By this point the band no longer had it in them and they played their last show together on February 21st, 1986. Later that year they put out their last studio album, Bedtime For Democracy (Alternative Tentacles) which is something of a wonderful mess of a record. It ranges from the spoken word “A Commercial” to songs more reminiscent of their older work such as “Chickenshit Conformist” which bemoaned punk’s dilution into trendiness. Band members then went their separate ways. Biafra putt out spoken word albums while Ray, Fluoride, and Peligro went on to pursue solo careers.

 

The relationship between Biafra and the other members of the band grew from bad to worse over the years. A dispute over back royalties led to the other members suing Biafra in the late 90’s. An purported accounting error led to the band being paid far less than they should have been, and the band grew incensed when they learned that Biafra had known about it and not informed them directly. Biafra claimed that he had been advised by his lawyers to handle the details through them.

 

It subsequently got rather ugly and sordid. The news that Alternative Tentacles was paying the former members of The Dead Kennedys less in royalties than the other bands on the roster caused consternation in the punk community. Biafra alleged, in return, that his former bandmates wanted to license “Holiday In Cambodia” for a Dockers commercial- a rumor which was denied by the other members. In the end, Biafra was found guilty of fraud and malice for which he was forced to pay damages nearing $200,000.

 

Not surprisingly when the idea of a band reunion came up, Biafra was rather cool to the idea. Not only had he not ended his beef with the rest of the band, but he despised the very idea of money-and-nostalgia-motivated reunion shows on principal. The band did re-form, albeit with ex-child actor Brandon Cruz in place of Biafra. The band has since released several live albums of somewhat dubious quality, with the best entitled Live At The Deaf Club (Manifesto 2004), a 1979 recording of a gig in San Francisco.

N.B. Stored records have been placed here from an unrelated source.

definition theta :: "'a::field \<Rightarrow> 'a \<Rightarrow> 'a \<Rightarrow> nat \<Rightarrow> 'a" where
  "theta q a lam i = a * inverse lam * q ^ (2*i) + inverse a * lam * inverse (q ^ (2*i))"

text \<open>Image of the basis vector m_k of M in W (quotient by span of delta m_i - m_(d'+i)),
  written in coordinates w.r.t. the basis (images of) m_0, ..., m_(d'-1):
  m_k is identified with delta^(k div d') m_(k mod d').\<close>
definition Wcoord :: "nat \<Rightarrow> 'a::field \<Rightarrow> nat \<Rightarrow> nat \<Rightarrow> 'a" where
  "Wcoord n \<delta> k r = (if r = k mod n then \<delta> ^ (k div n) else 0)"

text \<open>Matrix of A acting on W (w.r.t. basis m_0,...,m_(d'-1)), using A m_j = theta_j m_j + m_(j+1).\<close>
definition A_on_W :: "nat \<Rightarrow> 'a::field \<Rightarrow> 'a \<Rightarrow> 'a \<Rightarrow> 'a \<Rightarrow> 'a mat" where
  "A_on_W n q a lam \<delta> = mat n n (\<lambda>(r, j).
      (if r = j then theta q a lam j else 0) + Wcoord n \<delta> (Suc j) r)"

end

theory Submission
  imports Defs
begin

(* The matrix of A on W is lower bidiagonal with diagonal theta_0, ..., theta_(d'-1), ones below
   the diagonal and delta in the top right corner, so expanding along the first row gives
   char_poly = prod (x - theta_i) - delta.
   For the second identity write theta_i = u Q^i + (u Q^i)^-1 with u = a/lam and Q = q^2, a
   primitive d'-th root of unity. Substituting x = t + t^-1 (possible since F is algebraically
   closed) factors each term as t^-1 (t - u Q^i)(t - u^-1 Q^-i), and prod_i (t - w Q^i) = t^d' - w^d'
   gives prod (x - theta_i) = t^d' + t^-d' - (u^d' + u^-d').  So the product changes only by
   a constant when u is replaced by nu^-1, and the relation defining nu says that constant is delta. *)

definition primitive_root_of_unity :: "nat \<Rightarrow> 'a::field \<Rightarrow> bool" where
  "primitive_root_of_unity n z \<longleftrightarrow> 0 < n \<and> z ^ n = 1 \<and> (\<forall>k. 0 < k \<and> k < n \<longrightarrow> z ^ k \<noteq> 1)"

lemma primitive_root_of_unity_power_eq_1_iff:
  assumes "primitive_root_of_unity n z"
  shows "z ^ m = 1 \<longleftrightarrow> n dvd m"
proof -
  have "z ^ m = (z ^ n) ^ (m div n) * z ^ (m mod n)"
    by (simp flip: power_mult power_add)
  also have "\<dots> = z ^ (m mod n)"
    using assms by (simp add: primitive_root_of_unity_def)
  finally show ?thesis
    using assms by (auto simp: primitive_root_of_unity_def dvd_eq_mod_eq_0)
qed

lemma primitive_root_of_unityI:
  assumes "0 < n" and "\<And>m. z ^ m = 1 \<longleftrightarrow> n dvd m"
  shows "primitive_root_of_unity n z"
  using assms by (auto simp: primitive_root_of_unity_def dest: dvd_imp_le)

lemma primitive_root_of_unity_nonzero:
  "primitive_root_of_unity n z \<Longrightarrow> z \<noteq> 0"
  by (auto simp: primitive_root_of_unity_def power_0_left)

lemma primitive_root_of_unity_inverse:
  assumes "primitive_root_of_unity n z"
  shows "primitive_root_of_unity n (inverse z)"
  using assms by (auto simp: primitive_root_of_unity_def power_inverse)

lemma inj_on_primitive_root_of_unity_power:
  assumes z: "primitive_root_of_unity n z"
  shows "inj_on (\<lambda>i. z ^ i) {..<n}"
proof (rule linorder_inj_onI')
  fix i j assume "i \<in> {..<n}" "j \<in> {..<n}" "i < j"
  then have "\<not> n dvd j - i"
    by (auto dest: dvd_imp_le)
  then have "z ^ (j - i) \<noteq> 1"
    using primitive_root_of_unity_power_eq_1_iff[OF z] by simp
  moreover have "z ^ j = z ^ i * z ^ (j - i)"
    using \<open>i < j\<close> by (simp flip: power_add)
  ultimately show "z ^ i \<noteq> z ^ j"
    using primitive_root_of_unity_nonzero[OF z] by auto
qed

lemma dvd_double_iff_dprime_dvd:
  fixes d k :: nat
  shows "d dvd 2 * k \<longleftrightarrow> dprime d dvd k"
proof (cases "odd d")
  case True
  then have "coprime d 2"
    by (simp add: coprime_commute)
  then show ?thesis
    using True by (simp add: dprime_def coprime_dvd_mult_right_iff)
next
  case False
  then obtain e where "d = 2 * e"
    by blast
  then show ?thesis
    by (simp add: dprime_def)
qed

lemma primitive_root_of_unity_square_dprime:
  assumes "primitive_root_of_unity d q"
  shows "primitive_root_of_unity (dprime d) (q ^ 2)"
proof (rule primitive_root_of_unityI)
  show "0 < dprime d"
    using assms by (auto simp: primitive_root_of_unity_def dprime_def)
  show "(q ^ 2) ^ m = 1 \<longleftrightarrow> dprime d dvd m" for m
    using primitive_root_of_unity_power_eq_1_iff[OF assms, of "2 * m"]
    by (simp add: power_mult dvd_double_iff_dprime_dvd)
qed

lemma two_le_dprime:
  assumes "0 < d" "d \<noteq> 1" "d \<noteq> 2"
  shows "2 \<le> dprime d"
  using assms by (simp add: dprime_def) presburger

lemma prod_diff_primitive_root_of_unity_powers:
  fixes t u :: "'a::field"
  assumes z: "primitive_root_of_unity n z"
  shows "(\<Prod>i<n. t - u * z ^ i) = t ^ n - u ^ n"
proof (cases "u = 0")
  case True
  then show ?thesis
    using z by (simp add: primitive_root_of_unity_def power_0_left)
next
  case False
  define p where "p = (\<Prod>i<n. [:- (u * z ^ i), 1:])"
  define r where "r = monom 1 n - [:u ^ n:]"
  let ?roots = "(\<lambda>i. u * z ^ i) ` {..<n}"
  have n: "0 < n"
    using z by (simp add: primitive_root_of_unity_def)
  have "p = r"
  proof (rule poly_eqI_degree_lead_coeff[where A = ?roots])
    have "degree p = n"
      by (simp add: p_def degree_prod_eq_sum_degree)
    moreover have "lead_coeff p = 1"
      by (simp add: p_def lead_coeff_prod)
    moreover have "coeff r n = 1"
      using n by (cases n) (simp_all add: r_def)
    moreover have "degree r \<le> n"
      by (simp add: r_def degree_diff_le degree_monom_le)
    ultimately show "coeff p n = coeff r n" "degree p \<le> n" "degree r \<le> n"
      by simp_all
    have "inj_on (\<lambda>i. u * z ^ i) {..<n}"
      using inj_on_primitive_root_of_unity_power[OF z] False by (simp add: inj_on_def)
    then show "n \<le> card ?roots"
      by (simp add: card_image)
    fix x assume "x \<in> ?roots"
    then obtain k where "k < n" "x = u * z ^ k"
      by blast
    moreover have "(u * z ^ k) ^ n = u ^ n * (z ^ n) ^ k"
      by (simp add: power_mult_distrib mult.commute flip: power_mult)
    then have "(u * z ^ k) ^ n = u ^ n"
      using z by (simp add: primitive_root_of_unity_def)
    ultimately show "poly p x = poly r x"
      by (auto simp: p_def r_def poly_prod poly_monom)
  qed
  then have "poly p t = poly r t"
    by simp
  then show ?thesis
    by (simp add: p_def r_def poly_prod poly_monom)
qed
(* For any prime $p>3$, $$\sum_{k=1}^{p-1} {(1/2)_k^2\over (1)_k^2}\cdot{1\over k}\equiv -2H_{(p-1)/2}(1)\pmod{p^3},$$ $$\sum_{k=1}^{p-1} {(1/2)_k^2\over (1)_k^2}\cdot{1\over k^2}\equiv -2H_{(p-1)/2}(1)^2\pmod{p^2}.$$
   Context: $(y)_n=y(y+1)\cdots(y+n-1)$ denotes the Pochhammer symbol, and $H_n(1)=\sum_{k=1}^n \frac1k$. Congruences between rational numbers modulo $p^j$ mean that the difference is a rational number whose numerator is divisible by $p^j$ and whose denominator is prime to $p$. *)

theory Defs
  imports Complex_Main "HOL-Computational_Algebra.Primes"
begin

definition rat_cong :: "rat \<Rightarrow> rat \<Rightarrow> nat \<Rightarrow> bool" where
  "rat_cong a b m \<longleftrightarrow>
     (case quotient_of (a - b) of (n, d) \<Rightarrow> int m dvd n \<and> coprime d (int m))"

definition harm :: "nat \<Rightarrow> rat" where
  "harm n = (\<Sum>k=1..n. 1 / of_nat k)"

end

theory Submission
  imports Defs "HOL-Computational_Algebra.Polynomial" "HOL-Number_Theory.Residues"
begin

text \<open>
  Let \<open>D\<^sub>k(x) = \<Prod>\<^sub>j\<^sub><\<^sub>k (x - j)(x + j + 1)\<close>. Then \<open>D\<^sub>k(-1/2) = (-1)\<^sup>k (1/2)\<^sub>k\<^sup>2\<close>, so both sums are
  values at \<open>-1/2\<close> of polynomials such as \<open>f(x) = \<Sum>\<^sub>0\<^sub><\<^sub>k\<^sub><\<^sub>p (-1)\<^sup>k D\<^sub>k(x) / (k k!\<^sup>2)\<close>. At the integer
  \<open>n = (p - 1)/2\<close> the sums stop at \<open>k = n\<close>, and the partial fraction expansion of
  \<open>\<Prod>\<^sub>j\<^sub>\<le>\<^sub>n (j - x)/(j + x)\<close> evaluates them to \<open>-2 H\<^sub>n\<close> and \<open>-2 H\<^sub>n\<^sup>2\<close>.

  Since \<open>-1/2 = n - p/2\<close>, every factor of \<open>D\<^sub>k\<close> changes by \<open>-p\<^sup>2/4\<close> between \<open>n\<close> and \<open>-1/2\<close>, which gives
  the congruence modulo \<open>p\<^sup>2\<close> term by term. For the one modulo \<open>p\<^sup>3\<close>, the symmetry
  \<open>f(-1 - x) = f(x)\<close> gives \<open>f(-1/2 \<plusminus> p/2) = f(n)\<close>, so Taylor expansion at \<open>-1/2\<close> leaves
  \<open>p\<^sup>2/4\<close> times the quadratic Taylor coefficient \<open>c\<close>, up to \<open>p\<^sup>3\<close>. That \<open>c \<equiv> 0 (mod p)\<close> follows from
  \<open>x (f(x) - f(x - 1)) = 2 (\<Prod>\<^sub>0\<^sub><\<^sub>j\<^sub><\<^sub>p (1 - x\<^sup>2/j\<^sup>2) - 1)\<close>, Wilson's theorem and \<open>\<Sum>\<^sub>0\<^sub><\<^sub>k\<^sub><\<^sub>p 1/k\<^sup>3 \<equiv> 0\<close>.
\<close>

(* HOL-Algebra, imported through Residues for Wilson's theorem, also defines coeff and smult. *)
hide_const (open) UnivPoly.coeff module.smult

section \<open>\<open>p\<close>-integral rationals\<close>

definition p_integral :: "nat \<Rightarrow> rat \<Rightarrow> bool" where
  "p_integral p x \<longleftrightarrow> (\<exists>a b. coprime b (int p) \<and> x = of_int a / of_int b)"

definition p_multiple :: "nat \<Rightarrow> nat \<Rightarrow> rat \<Rightarrow> bool" where
  "p_multiple p j x \<longleftrightarrow> p_integral p (x / of_nat p ^ j)"

lemma p_integral_of_int [simp]: "p_integral p (of_int a)"
  unfolding p_integral_def by (rule exI[of _ a], rule exI[of _ 1]) auto

lemma p_integral_of_nat [simp]: "p_integral p (of_nat a)"
  using p_integral_of_int[of p "int a"] by simp

lemma p_integral_numeral [simp]: "p_integral p (numeral k)"
  using p_integral_of_int[of p "numeral k"] by simp

lemma p_integral_0 [simp]: "p_integral p 0"
  and p_integral_1 [simp]: "p_integral p 1"
  using p_integral_of_int[of p 0] p_integral_of_int[of p 1] by simp_all

lemma p_integral_divide_of_int:
  assumes "p_integral p x" "coprime b (int p)"
  shows "p_integral p (x / of_int b)"
proof -
  from assms(1) obtain a c where "coprime c (int p)" "x = of_int a / of_int c"
    unfolding p_integral_def by auto
  then show ?thesis unfolding p_integral_def using assms(2)
    by (intro exI[of _ a] exI[of _ "c * b"]) auto
qed
(* Let $\mathbb{A}$ be the Rado graph and $\mathbb{F}$ any field. For a finite set $S\subseteq\mathbb{A}$ let $f_S:\mathbb{A}\to\mathbb{F}$ be the indicator function of the set of vertices adjacent to every vertex of $S$, and let $V$ be the linear span of $\{f_S : S\subseteq\mathbb{A}\text{ finite}\}$. Then $V$ is not orbit-finitely spanned; consequently the space of finitely supported functions $\mathbb{A}\to\mathbb{F}$ (equivalently, the space of finitely supported linear maps $\operatorname{Lin}_{\mathbb{F}}\mathbb{A}\to\mathbb{F}$) is not orbit-finitely spanned.
   Context: The Rado graph is the Fraïssé limit of all finite undirected graphs (the countable homogeneous graph into which every finite graph embeds), with automorphism group $\operatorname{Aut}(\mathbb{A})$. $\operatorname{Aut}(\mathbb{A})$ acts on functions $f:\mathbb{A}\to\mathbb{F}$ by $(\pi f)(a)=f(\pi^{-1}a)$; a function is finitely supported if there is a finite $T\subseteq\mathbb{A}$ such that every automorphism fixing $T$ pointwise fixes $f$. A vector space with a linear $\operatorname{Aut}(\mathbb{A})$-action in which every vector is finitely supported is orbit-finitely spanned if it is spanned by an $\operatorname{Aut}(\mathbb{A})$-invariant subset with finitely many orbits (each of whose elements is finitely supported). *)

theory Defs
  imports Complex_Main "HOL-Library.Countable_Set" "HOL-Library.Function_Algebras"
begin

text \<open>It is unique up to isomorphism, so we quantify over
all graphs on a vertex type satisfying these properties.\<close>

definition is_rado :: "('a \<Rightarrow> 'a \<Rightarrow> bool) \<Rightarrow> bool" where
  "is_rado E \<longleftrightarrow> countable (UNIV :: 'a set)
     \<and> (\<forall>x y. E x y \<longrightarrow> E y x) \<and> (\<forall>x. \<not> E x x)
     \<and> (\<forall>U W. finite U \<and> finite W \<and> U \<inter> W = {} \<longrightarrow>
          (\<exists>z. z \<notin> U \<and> z \<notin> W \<and> (\<forall>u\<in>U. E z u) \<and> (\<forall>w\<in>W. \<not> E z w)))"

definition Aut :: "('a \<Rightarrow> 'a \<Rightarrow> bool) \<Rightarrow> ('a \<Rightarrow> 'a) set" where
  "Aut E = {\<pi>. bij \<pi> \<and> (\<forall>x y. E x y \<longleftrightarrow> E (\<pi> x) (\<pi> y))}"

definition act :: "('a \<Rightarrow> 'a) \<Rightarrow> ('a \<Rightarrow> 'k) \<Rightarrow> ('a \<Rightarrow> 'k)" where
  "act \<pi> f = (\<lambda>a. f (inv \<pi> a))"

definition fin_supp :: "('a \<Rightarrow> 'a \<Rightarrow> bool) \<Rightarrow> ('a \<Rightarrow> 'k) \<Rightarrow> bool" where
  "fin_supp E f \<longleftrightarrow> (\<exists>T. finite T \<and>
     (\<forall>\<pi>\<in>Aut E. (\<forall>t\<in>T. \<pi> t = t) \<longrightarrow> act \<pi> f = f))"

definition fspan :: "('a \<Rightarrow> 'k::field) set \<Rightarrow> ('a \<Rightarrow> 'k) set" where
  "fspan X = module.span (\<lambda>c f x. c * f x) X"

definition orbit_finitely_spanned ::
  "('a \<Rightarrow> 'a \<Rightarrow> bool) \<Rightarrow> ('a \<Rightarrow> 'k::field) set \<Rightarrow> bool" where
  "orbit_finitely_spanned E V \<longleftrightarrow> (\<exists>X. X \<subseteq> V \<and> fspan X = V
     \<and> (\<forall>\<pi>\<in>Aut E. \<forall>f\<in>X. act \<pi> f \<in> X)
     \<and> (\<forall>f\<in>X. fin_supp E f)
     \<and> (\<exists>G. finite G \<and> G \<subseteq> X \<and> X = {act \<pi> g | \<pi> g. \<pi> \<in> Aut E \<and> g \<in> G}))"

definition common_nbr_ind :: "('a \<Rightarrow> 'a \<Rightarrow> bool) \<Rightarrow> 'a set \<Rightarrow> ('a \<Rightarrow> 'k::field)" where
  "common_nbr_ind E S = (\<lambda>x. if (\<forall>s\<in>S. E x s) then 1 else 0)"

end

theory Submission
  imports Defs
begin

text \<open>
  By homogeneity of the Rado graph (back and forth), a function with finite support \<open>T\<close>
  takes equal values at any two vertices outside \<open>T\<close> with the same neighbours in \<open>T\<close>.
  Automorphisms preserve the size of such a \<open>T\<close>, so an orbit-finite spanning set lies in
  the span of functions determined by adjacency types over at most \<open>n\<close> vertices, for a
  single \<open>n\<close>. Take \<open>|S| = n + 1\<close> and, for every \<open>A \<subseteq> S\<close>, a vertex \<open>z A\<close>
  whose neighbours in a large finite set are exactly the elements of \<open>A\<close>. The alternating
  sum of the values \<open>h (z A)\<close> with signs \<open>(-1) ^ card A\<close> vanishes for each such \<open>h\<close>
  (pair \<open>A\<close> with \<open>insert s A\<close> for some \<open>s \<in> S\<close> outside the support of \<open>h\<close>),
  hence on their span, but equals \<open>(-1) ^ card S\<close> for \<open>common_nbr_ind E S\<close>.
\<close>

lemma fspan_module: "module (\<lambda>(c::'k::field) (f::'a \<Rightarrow> 'k) x. c * f x)"
  by unfold_locales (auto simp: fun_eq_iff algebra_simps)

lemma fspan_mono: "A \<subseteq> B \<Longrightarrow> fspan A \<subseteq> fspan B"
  unfolding fspan_def by (rule module.span_mono[OF fspan_module])

lemma fspan_base: "a \<in> A \<Longrightarrow> a \<in> fspan A"
  unfolding fspan_def by (rule module.span_base[OF fspan_module])

lemma fspan_minimal:
  fixes B :: "('a \<Rightarrow> 'k::field) set"
  assumes "A \<subseteq> B" "0 \<in> B" "\<And>x y. x \<in> B \<Longrightarrow> y \<in> B \<Longrightarrow> x + y \<in> B"
    "\<And>c x. x \<in> B \<Longrightarrow> (\<lambda>a. c * x a) \<in> B"
  shows "fspan A \<subseteq> B"
  unfolding fspan_def
  by (rule module.span_minimal[OF fspan_module assms(1)], rule module.subspaceI[OF fspan_module])
    (use assms in \<open>auto simp: zero_fun_def\<close>)

section \<open>Homogeneity of the Rado graph\<close>

lemma rado_sym: "is_rado E \<Longrightarrow> E x y \<Longrightarrow> E y x"
  unfolding is_rado_def by blast

lemma rado_irrefl: "is_rado E \<Longrightarrow> \<not> E x x"
  unfolding is_rado_def by blast

lemma rado_extension:
  assumes "is_rado E" "finite U" "finite W" "U \<inter> W = {}"
  shows "\<exists>z. z \<notin> U \<and> z \<notin> W \<and> (\<forall>u\<in>U. E z u) \<and> (\<forall>w\<in>W. \<not> E z w)"
  using assms unfolding is_rado_def by blast

lemma rado_infinite:
  assumes "is_rado (E :: 'a \<Rightarrow> 'a \<Rightarrow> bool)"
  shows "infinite (UNIV :: 'a set)"
  using rado_extension[OF assms, of UNIV "{}"] by auto

lemma Aut_bij: "\<pi> \<in> Aut E \<Longrightarrow> bij \<pi>"
  unfolding Aut_def by simp

lemma Aut_adj: "\<pi> \<in> Aut E \<Longrightarrow> E (\<pi> x) (\<pi> y) \<longleftrightarrow> E x y"
  unfolding Aut_def by blast

lemma Aut_inv_adj:
  assumes "\<pi> \<in> Aut E"
  shows "E (inv \<pi> x) y \<longleftrightarrow> E x (\<pi> y)"
proof -
  have "\<pi> (inv \<pi> x) = x"
    using Aut_bij[OF assms] by (simp add: bij_is_surj surj_f_inv_f)
  thus ?thesis using Aut_adj[OF assms, of "inv \<pi> x" y] by simp
qed

definition partial_iso :: "('a \<Rightarrow> 'a \<Rightarrow> bool) \<Rightarrow> ('a \<times> 'a) set \<Rightarrow> bool" where
  "partial_iso E R \<longleftrightarrow>
     (\<forall>a b c d. (a, b) \<in> R \<longrightarrow> (c, d) \<in> R \<longrightarrow> (a = c \<longleftrightarrow> b = d) \<and> (E a c \<longleftrightarrow> E b d))"

lemma partial_iso_converse [simp]: "partial_iso E (converse R) = partial_iso E R"
  unfolding partial_iso_def by blast

lemma partial_iso_Id_on: "partial_iso E (Id_on T)"
  unfolding partial_iso_def by blast

lemma partial_isoD:
  "partial_iso E R \<Longrightarrow> (a, b) \<in> R \<Longrightarrow> (c, d) \<in> R \<Longrightarrow> (a = c \<longleftrightarrow> b = d) \<and> (E a c \<longleftrightarrow> E b d)"
  unfolding partial_iso_def by blast

lemma partial_iso_insert:
  assumes p: "partial_iso E R" and "x \<notin> Domain R" "y \<notin> Range R" "E x x \<longleftrightarrow> E y y"
    and "\<And>a b. (a, b) \<in> R \<Longrightarrow> (E x a \<longleftrightarrow> E y b) \<and> (E a x \<longleftrightarrow> E b y)"
  shows "partial_iso E (insert (x, y) R)"
  unfolding partial_iso_def
proof (intro allI impI)
  fix a b c d assume "(a, b) \<in> insert (x, y) R" "(c, d) \<in> insert (x, y) R"
  thus "(a = c \<longleftrightarrow> b = d) \<and> (E a c \<longleftrightarrow> E b d)"
    using partial_isoD[OF p] assms(2-5) by auto
qed

lemma rado_partial_iso_extend_Domain:
  assumes r: "is_rado E" and p: "partial_iso E R" and f: "finite R"
  shows "\<exists>R'. partial_iso E R' \<and> finite R' \<and> R \<subseteq> R' \<and> x \<in> Domain R'"
proof (cases "x \<in> Domain R")
  case True
  thus ?thesis using p f by blast
next
  case False
  define U where "U = {b. \<exists>a. (a, b) \<in> R \<and> E x a}"
  define W where "W = {b. \<exists>a. (a, b) \<in> R \<and> \<not> E x a}"
  have "U \<subseteq> Range R" "W \<subseteq> Range R" "finite (Range R)"
    using f by (auto simp: U_def W_def finite_Range)
  hence fin: "finite U" "finite W" using finite_subset by blast+
  have "a = a'" if "(a, b) \<in> R" "(a', b) \<in> R" for a a' b
    using partial_isoD[OF p that] by simp
  hence "U \<inter> W = {}" unfolding U_def W_def by blast
  then obtain y where y: "y \<notin> U" "y \<notin> W" "\<forall>u\<in>U. E y u" "\<forall>w\<in>W. \<not> E y w"
    using rado_extension[OF r fin] by blast
  have "y \<notin> Range R" using y unfolding U_def W_def by blast
  moreover have "(a, b) \<in> R \<Longrightarrow> (E x a \<longleftrightarrow> E y b) \<and> (E a x \<longleftrightarrow> E b y)" for a b
    using y rado_sym[OF r] unfolding U_def W_def by blast
  ultimately have "partial_iso E (insert (x, y) R)"
    using partial_iso_insert[OF p False] rado_irrefl[OF r] by blast
  thus ?thesis using f by blast
qed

On October 9th, 2007, they released a best-of album entitled Milking The Sacred Cow (Manifesto) whose main enticement is the inclusion of live versions of “Soup Is Good Food” and “Jock-O-Rama.” In 2003 Cruz left the band and was replaced by singer Jeff Penalty who left in 2008. They still tour with Floride and Ray the only remaining original members. Ron 'Skip' Greer now sings for the band.

 

In many ways the Dead Kennedys are symbolic of where the entire punk and hardcore movements went in America with early brilliance fading into squabbles. Simultaneously, the early hopefulness is replaced by nostalgia and mediocrity, ironically two things to which punks were supposedly opposed from the outset. Still, to put on a DK album like Fresh Fruit is to enter a less cynical time, where change-through-music in some ways seemed possible. The Dead Kennedys mattered then and on some level they still do.